Activity:
Every single entry that follows is to be retyped exactly.

Study material:
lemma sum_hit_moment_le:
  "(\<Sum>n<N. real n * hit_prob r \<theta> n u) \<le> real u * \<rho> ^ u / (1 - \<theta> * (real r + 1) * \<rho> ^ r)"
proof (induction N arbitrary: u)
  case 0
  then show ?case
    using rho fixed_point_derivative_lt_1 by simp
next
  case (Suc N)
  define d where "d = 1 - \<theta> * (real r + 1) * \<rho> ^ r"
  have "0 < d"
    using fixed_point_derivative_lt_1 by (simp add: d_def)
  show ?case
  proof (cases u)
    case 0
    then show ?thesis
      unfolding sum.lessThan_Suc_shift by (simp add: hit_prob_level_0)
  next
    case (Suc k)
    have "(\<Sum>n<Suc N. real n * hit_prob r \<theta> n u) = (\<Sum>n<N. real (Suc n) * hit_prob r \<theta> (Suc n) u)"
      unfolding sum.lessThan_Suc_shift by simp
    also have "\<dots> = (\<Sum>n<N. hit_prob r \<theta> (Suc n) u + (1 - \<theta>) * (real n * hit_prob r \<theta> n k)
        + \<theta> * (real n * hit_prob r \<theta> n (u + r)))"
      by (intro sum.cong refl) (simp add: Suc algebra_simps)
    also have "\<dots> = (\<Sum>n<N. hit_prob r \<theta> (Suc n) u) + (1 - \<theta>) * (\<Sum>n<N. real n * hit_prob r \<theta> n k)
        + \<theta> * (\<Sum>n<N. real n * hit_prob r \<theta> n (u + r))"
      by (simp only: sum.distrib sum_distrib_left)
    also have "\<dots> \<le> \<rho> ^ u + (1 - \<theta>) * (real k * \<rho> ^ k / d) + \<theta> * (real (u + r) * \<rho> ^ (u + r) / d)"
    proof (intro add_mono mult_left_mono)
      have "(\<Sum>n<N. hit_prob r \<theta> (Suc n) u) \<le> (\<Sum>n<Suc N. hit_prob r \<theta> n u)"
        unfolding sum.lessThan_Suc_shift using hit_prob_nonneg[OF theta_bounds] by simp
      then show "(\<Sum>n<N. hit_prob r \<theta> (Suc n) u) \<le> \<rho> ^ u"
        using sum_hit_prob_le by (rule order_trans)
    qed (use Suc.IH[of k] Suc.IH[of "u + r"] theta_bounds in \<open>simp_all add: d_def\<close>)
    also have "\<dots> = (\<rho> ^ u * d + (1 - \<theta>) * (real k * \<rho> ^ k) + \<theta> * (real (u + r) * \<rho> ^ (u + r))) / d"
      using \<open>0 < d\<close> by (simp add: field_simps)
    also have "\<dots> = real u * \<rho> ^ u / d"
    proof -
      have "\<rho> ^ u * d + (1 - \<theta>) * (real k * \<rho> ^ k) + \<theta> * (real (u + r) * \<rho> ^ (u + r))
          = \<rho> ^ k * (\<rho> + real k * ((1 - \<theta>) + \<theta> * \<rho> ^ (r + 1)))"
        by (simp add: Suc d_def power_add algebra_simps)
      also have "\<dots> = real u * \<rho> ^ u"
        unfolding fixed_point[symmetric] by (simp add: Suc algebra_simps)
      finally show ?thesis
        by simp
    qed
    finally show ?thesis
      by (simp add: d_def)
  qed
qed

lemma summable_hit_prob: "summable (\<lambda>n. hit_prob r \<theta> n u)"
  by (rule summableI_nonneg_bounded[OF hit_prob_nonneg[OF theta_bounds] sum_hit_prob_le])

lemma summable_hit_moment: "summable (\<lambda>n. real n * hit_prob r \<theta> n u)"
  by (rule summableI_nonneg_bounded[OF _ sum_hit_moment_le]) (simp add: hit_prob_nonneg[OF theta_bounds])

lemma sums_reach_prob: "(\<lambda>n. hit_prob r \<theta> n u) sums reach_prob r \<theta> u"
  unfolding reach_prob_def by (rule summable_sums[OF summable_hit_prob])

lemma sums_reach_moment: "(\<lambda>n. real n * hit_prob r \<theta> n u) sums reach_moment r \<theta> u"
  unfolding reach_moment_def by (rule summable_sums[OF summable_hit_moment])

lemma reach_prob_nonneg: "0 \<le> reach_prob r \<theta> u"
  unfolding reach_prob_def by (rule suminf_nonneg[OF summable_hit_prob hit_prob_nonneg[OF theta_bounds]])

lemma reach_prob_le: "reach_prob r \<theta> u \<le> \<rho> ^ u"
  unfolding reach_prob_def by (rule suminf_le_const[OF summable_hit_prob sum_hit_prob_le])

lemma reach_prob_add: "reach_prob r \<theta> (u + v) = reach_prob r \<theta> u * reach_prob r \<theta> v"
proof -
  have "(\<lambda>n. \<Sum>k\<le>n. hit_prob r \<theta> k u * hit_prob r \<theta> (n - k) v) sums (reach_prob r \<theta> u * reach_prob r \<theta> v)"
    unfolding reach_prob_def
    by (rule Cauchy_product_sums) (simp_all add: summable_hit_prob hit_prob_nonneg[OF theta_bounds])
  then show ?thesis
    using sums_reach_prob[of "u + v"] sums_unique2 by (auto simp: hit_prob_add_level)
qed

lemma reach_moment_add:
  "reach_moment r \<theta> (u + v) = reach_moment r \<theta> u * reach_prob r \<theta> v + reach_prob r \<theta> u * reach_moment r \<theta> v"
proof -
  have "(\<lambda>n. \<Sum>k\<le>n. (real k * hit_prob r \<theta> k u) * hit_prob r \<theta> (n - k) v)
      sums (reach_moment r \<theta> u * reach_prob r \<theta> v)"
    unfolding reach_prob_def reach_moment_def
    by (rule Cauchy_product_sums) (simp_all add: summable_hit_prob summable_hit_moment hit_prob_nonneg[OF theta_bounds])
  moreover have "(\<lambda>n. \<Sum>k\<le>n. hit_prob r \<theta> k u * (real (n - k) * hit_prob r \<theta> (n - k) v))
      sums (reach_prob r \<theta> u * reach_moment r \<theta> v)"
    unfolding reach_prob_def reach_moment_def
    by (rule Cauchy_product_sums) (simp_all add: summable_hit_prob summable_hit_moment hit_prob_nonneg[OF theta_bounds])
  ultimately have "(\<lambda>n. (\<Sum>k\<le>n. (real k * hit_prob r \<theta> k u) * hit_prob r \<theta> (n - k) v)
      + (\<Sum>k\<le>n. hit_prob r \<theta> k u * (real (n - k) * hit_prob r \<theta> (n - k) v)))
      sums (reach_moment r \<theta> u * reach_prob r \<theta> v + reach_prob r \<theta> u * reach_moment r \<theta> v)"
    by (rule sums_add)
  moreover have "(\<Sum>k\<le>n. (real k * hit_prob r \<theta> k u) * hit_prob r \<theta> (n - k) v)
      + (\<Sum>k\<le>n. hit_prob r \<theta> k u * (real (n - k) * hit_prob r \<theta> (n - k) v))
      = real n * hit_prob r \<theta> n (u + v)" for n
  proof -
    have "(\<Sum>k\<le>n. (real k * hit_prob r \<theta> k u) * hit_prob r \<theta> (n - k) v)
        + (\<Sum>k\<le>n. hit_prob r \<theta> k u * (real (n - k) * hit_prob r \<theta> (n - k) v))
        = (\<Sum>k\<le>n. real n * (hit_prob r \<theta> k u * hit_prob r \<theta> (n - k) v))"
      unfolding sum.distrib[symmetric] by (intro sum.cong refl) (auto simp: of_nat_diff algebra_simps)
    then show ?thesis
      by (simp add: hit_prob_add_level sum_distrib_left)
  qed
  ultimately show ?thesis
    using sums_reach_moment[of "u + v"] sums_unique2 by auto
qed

Task result:
lemma sum_hit_moment_le:
  "(\<Sum>n<N. real n * hit_prob r \<theta> n u) \<le> real u * \<rho> ^ u / (1 - \<theta> * (real r + 1) * \<rho> ^ r)"
proof (induction N arbitrary: u)
  case 0
  then show ?case
    using rho fixed_point_derivative_lt_1 by simp
next
  case (Suc N)
  define d where "d = 1 - \<theta> * (real r + 1) * \<rho> ^ r"
  have "0 < d"
    using fixed_point_derivative_lt_1 by (simp add: d_def)
  show ?case
  proof (cases u)
    case 0
    then show ?thesis
      unfolding sum.lessThan_Suc_shift by (simp add: hit_prob_level_0)
  next
    case (Suc k)
    have "(\<Sum>n<Suc N. real n * hit_prob r \<theta> n u) = (\<Sum>n<N. real (Suc n) * hit_prob r \<theta> (Suc n) u)"
      unfolding sum.lessThan_Suc_shift by simp
    also have "\<dots> = (\<Sum>n<N. hit_prob r \<theta> (Suc n) u + (1 - \<theta>) * (real n * hit_prob r \<theta> n k)
        + \<theta> * (real n * hit_prob r \<theta> n (u + r)))"
      by (intro sum.cong refl) (simp add: Suc algebra_simps)
    also have "\<dots> = (\<Sum>n<N. hit_prob r \<theta> (Suc n) u) + (1 - \<theta>) * (\<Sum>n<N. real n * hit_prob r \<theta> n k)
        + \<theta> * (\<Sum>n<N. real n * hit_prob r \<theta> n (u + r))"
      by (simp only: sum.distrib sum_distrib_left)
    also have "\<dots> \<le> \<rho> ^ u + (1 - \<theta>) * (real k * \<rho> ^ k / d) + \<theta> * (real (u + r) * \<rho> ^ (u + r) / d)"
    proof (intro add_mono mult_left_mono)
      have "(\<Sum>n<N. hit_prob r \<theta> (Suc n) u) \<le> (\<Sum>n<Suc N. hit_prob r \<theta> n u)"
        unfolding sum.lessThan_Suc_shift using hit_prob_nonneg[OF theta_bounds] by simp
      then show "(\<Sum>n<N. hit_prob r \<theta> (Suc n) u) \<le> \<rho> ^ u"
        using sum_hit_prob_le by (rule order_trans)
    qed (use Suc.IH[of k] Suc.IH[of "u + r"] theta_bounds in \<open>simp_all add: d_def\<close>)
    also have "\<dots> = (\<rho> ^ u * d + (1 - \<theta>) * (real k * \<rho> ^ k) + \<theta> * (real (u + r) * \<rho> ^ (u + r))) / d"
      using \<open>0 < d\<close> by (simp add: field_simps)
    also have "\<dots> = real u * \<rho> ^ u / d"
    proof -
      have "\<rho> ^ u * d + (1 - \<theta>) * (real k * \<rho> ^ k) + \<theta> * (real (u + r) * \<rho> ^ (u + r))
          = \<rho> ^ k * (\<rho> + real k * ((1 - \<theta>) + \<theta> * \<rho> ^ (r + 1)))"
        by (simp add: Suc d_def power_add algebra_simps)
      also have "\<dots> = real u * \<rho> ^ u"
        unfolding fixed_point[symmetric] by (simp add: Suc algebra_simps)
      finally show ?thesis
        by simp
    qed
    finally show ?thesis
      by (simp add: d_def)
  qed
qed

lemma summable_hit_prob: "summable (\<lambda>n. hit_prob r \<theta> n u)"
  by (rule summableI_nonneg_bounded[OF hit_prob_nonneg[OF theta_bounds] sum_hit_prob_le])

lemma summable_hit_moment: "summable (\<lambda>n. real n * hit_prob r \<theta> n u)"
  by (rule summableI_nonneg_bounded[OF _ sum_hit_moment_le]) (simp add: hit_prob_nonneg[OF theta_bounds])

lemma sums_reach_prob: "(\<lambda>n. hit_prob r \<theta> n u) sums reach_prob r \<theta> u"
  unfolding reach_prob_def by (rule summable_sums[OF summable_hit_prob])

lemma sums_reach_moment: "(\<lambda>n. real n * hit_prob r \<theta> n u) sums reach_moment r \<theta> u"
  unfolding reach_moment_def by (rule summable_sums[OF summable_hit_moment])

lemma reach_prob_nonneg: "0 \<le> reach_prob r \<theta> u"
  unfolding reach_prob_def by (rule suminf_nonneg[OF summable_hit_prob hit_prob_nonneg[OF theta_bounds]])

lemma reach_prob_le: "reach_prob r \<theta> u \<le> \<rho> ^ u"
  unfolding reach_prob_def by (rule suminf_le_const[OF summable_hit_prob sum_hit_prob_le])

lemma reach_prob_add: "reach_prob r \<theta> (u + v) = reach_prob r \<theta> u * reach_prob r \<theta> v"
proof -
  have "(\<lambda>n. \<Sum>k\<le>n. hit_prob r \<theta> k u * hit_prob r \<theta> (n - k) v) sums (reach_prob r \<theta> u * reach_prob r \<theta> v)"
    unfolding reach_prob_def
    by (rule Cauchy_product_sums) (simp_all add: summable_hit_prob hit_prob_nonneg[OF theta_bounds])
  then show ?thesis
    using sums_reach_prob[of "u + v"] sums_unique2 by (auto simp: hit_prob_add_level)
qed

lemma reach_moment_add:
  "reach_moment r \<theta> (u + v) = reach_moment r \<theta> u * reach_prob r \<theta> v + reach_prob r \<theta> u * reach_moment r \<theta> v"
proof -
  have "(\<lambda>n. \<Sum>k\<le>n. (real k * hit_prob r \<theta> k u) * hit_prob r \<theta> (n - k) v)
      sums (reach_moment r \<theta> u * reach_prob r \<theta> v)"
    unfolding reach_prob_def reach_moment_def
    by (rule Cauchy_product_sums) (simp_all add: summable_hit_prob summable_hit_moment hit_prob_nonneg[OF theta_bounds])
  moreover have "(\<lambda>n. \<Sum>k\<le>n. hit_prob r \<theta> k u * (real (n - k) * hit_prob r \<theta> (n - k) v))
      sums (reach_prob r \<theta> u * reach_moment r \<theta> v)"
    unfolding reach_prob_def reach_moment_def
    by (rule Cauchy_product_sums) (simp_all add: summable_hit_prob summable_hit_moment hit_prob_nonneg[OF theta_bounds])
  ultimately have "(\<lambda>n. (\<Sum>k\<le>n. (real k * hit_prob r \<theta> k u) * hit_prob r \<theta> (n - k) v)
      + (\<Sum>k\<le>n. hit_prob r \<theta> k u * (real (n - k) * hit_prob r \<theta> (n - k) v)))
      sums (reach_moment r \<theta> u * reach_prob r \<theta> v + reach_prob r \<theta> u * reach_moment r \<theta> v)"
    by (rule sums_add)
  moreover have "(\<Sum>k\<le>n. (real k * hit_prob r \<theta> k u) * hit_prob r \<theta> (n - k) v)
      + (\<Sum>k\<le>n. hit_prob r \<theta> k u * (real (n - k) * hit_prob r \<theta> (n - k) v))
      = real n * hit_prob r \<theta> n (u + v)" for n
  proof -
    have "(\<Sum>k\<le>n. (real k * hit_prob r \<theta> k u) * hit_prob r \<theta> (n - k) v)
        + (\<Sum>k\<le>n. hit_prob r \<theta> k u * (real (n - k) * hit_prob r \<theta> (n - k) v))
        = (\<Sum>k\<le>n. real n * (hit_prob r \<theta> k u * hit_prob r \<theta> (n - k) v))"
      unfolding sum.distrib[symmetric] by (intro sum.cong refl) (auto simp: of_nat_diff algebra_simps)
    then show ?thesis
      by (simp add: hit_prob_add_level sum_distrib_left)
  qed
  ultimately show ?thesis
    using sums_reach_moment[of "u + v"] sums_unique2 by auto
qed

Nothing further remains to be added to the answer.